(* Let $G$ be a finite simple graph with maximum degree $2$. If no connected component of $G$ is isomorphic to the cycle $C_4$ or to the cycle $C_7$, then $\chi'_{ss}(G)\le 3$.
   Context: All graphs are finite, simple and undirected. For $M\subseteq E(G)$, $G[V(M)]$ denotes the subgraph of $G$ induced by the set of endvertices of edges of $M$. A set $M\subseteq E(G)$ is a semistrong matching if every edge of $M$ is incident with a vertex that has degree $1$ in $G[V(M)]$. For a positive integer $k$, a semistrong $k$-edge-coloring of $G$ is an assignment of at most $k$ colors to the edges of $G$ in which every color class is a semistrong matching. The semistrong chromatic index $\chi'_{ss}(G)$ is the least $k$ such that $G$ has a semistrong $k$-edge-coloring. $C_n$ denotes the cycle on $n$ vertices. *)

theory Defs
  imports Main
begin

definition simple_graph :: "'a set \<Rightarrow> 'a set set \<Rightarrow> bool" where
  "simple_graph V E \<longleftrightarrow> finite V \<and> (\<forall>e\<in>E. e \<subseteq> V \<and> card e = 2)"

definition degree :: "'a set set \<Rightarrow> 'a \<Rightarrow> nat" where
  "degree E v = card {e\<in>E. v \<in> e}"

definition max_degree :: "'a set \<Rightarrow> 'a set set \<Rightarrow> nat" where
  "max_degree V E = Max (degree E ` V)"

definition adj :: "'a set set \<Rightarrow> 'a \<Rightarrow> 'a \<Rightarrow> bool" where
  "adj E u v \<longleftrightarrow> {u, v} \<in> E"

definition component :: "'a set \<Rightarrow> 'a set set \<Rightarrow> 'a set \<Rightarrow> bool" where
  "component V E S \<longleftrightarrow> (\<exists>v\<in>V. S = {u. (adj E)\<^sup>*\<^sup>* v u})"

* * *

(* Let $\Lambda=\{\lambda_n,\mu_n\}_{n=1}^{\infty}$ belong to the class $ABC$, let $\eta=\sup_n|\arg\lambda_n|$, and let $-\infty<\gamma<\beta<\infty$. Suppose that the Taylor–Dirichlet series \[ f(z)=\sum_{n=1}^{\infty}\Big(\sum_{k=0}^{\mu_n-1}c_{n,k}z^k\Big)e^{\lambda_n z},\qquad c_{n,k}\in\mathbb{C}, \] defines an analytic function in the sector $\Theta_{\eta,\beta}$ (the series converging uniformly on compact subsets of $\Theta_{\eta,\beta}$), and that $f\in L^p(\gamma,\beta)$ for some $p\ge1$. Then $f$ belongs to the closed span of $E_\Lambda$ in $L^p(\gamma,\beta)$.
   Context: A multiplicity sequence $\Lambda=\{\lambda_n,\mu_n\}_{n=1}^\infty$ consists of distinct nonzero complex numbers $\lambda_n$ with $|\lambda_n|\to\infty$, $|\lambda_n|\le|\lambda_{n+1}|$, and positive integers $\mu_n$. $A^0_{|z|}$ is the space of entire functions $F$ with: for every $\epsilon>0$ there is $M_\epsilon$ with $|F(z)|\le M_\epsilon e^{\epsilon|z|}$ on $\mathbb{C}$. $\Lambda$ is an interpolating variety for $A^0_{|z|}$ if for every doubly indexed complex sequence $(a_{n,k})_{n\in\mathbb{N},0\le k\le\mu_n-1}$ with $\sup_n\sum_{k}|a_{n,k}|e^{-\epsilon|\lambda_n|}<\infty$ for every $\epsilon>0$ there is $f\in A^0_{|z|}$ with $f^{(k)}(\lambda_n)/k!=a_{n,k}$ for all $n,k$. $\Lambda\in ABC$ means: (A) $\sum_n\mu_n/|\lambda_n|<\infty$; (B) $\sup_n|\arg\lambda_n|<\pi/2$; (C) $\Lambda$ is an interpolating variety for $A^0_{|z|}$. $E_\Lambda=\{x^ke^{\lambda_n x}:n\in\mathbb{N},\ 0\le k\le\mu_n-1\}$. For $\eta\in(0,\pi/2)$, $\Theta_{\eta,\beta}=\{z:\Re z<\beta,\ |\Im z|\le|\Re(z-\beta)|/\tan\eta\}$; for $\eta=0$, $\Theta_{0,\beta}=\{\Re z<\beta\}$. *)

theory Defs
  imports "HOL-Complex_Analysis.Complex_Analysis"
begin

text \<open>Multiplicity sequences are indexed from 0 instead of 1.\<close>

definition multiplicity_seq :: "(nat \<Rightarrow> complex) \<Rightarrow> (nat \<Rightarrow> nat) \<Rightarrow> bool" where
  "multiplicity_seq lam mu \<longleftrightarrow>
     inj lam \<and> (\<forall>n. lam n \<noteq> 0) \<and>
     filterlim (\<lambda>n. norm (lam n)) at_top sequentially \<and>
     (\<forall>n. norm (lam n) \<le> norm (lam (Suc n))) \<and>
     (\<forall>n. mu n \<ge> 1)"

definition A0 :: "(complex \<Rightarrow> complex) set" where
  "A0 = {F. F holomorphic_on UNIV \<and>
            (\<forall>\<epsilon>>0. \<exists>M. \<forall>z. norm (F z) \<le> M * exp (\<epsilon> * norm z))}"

About this task: Anywhere the listing shows the word "imports", copy the full line.

Final answer:
  imports Main
  imports "HOL-Complex_Analysis.Complex_Analysis"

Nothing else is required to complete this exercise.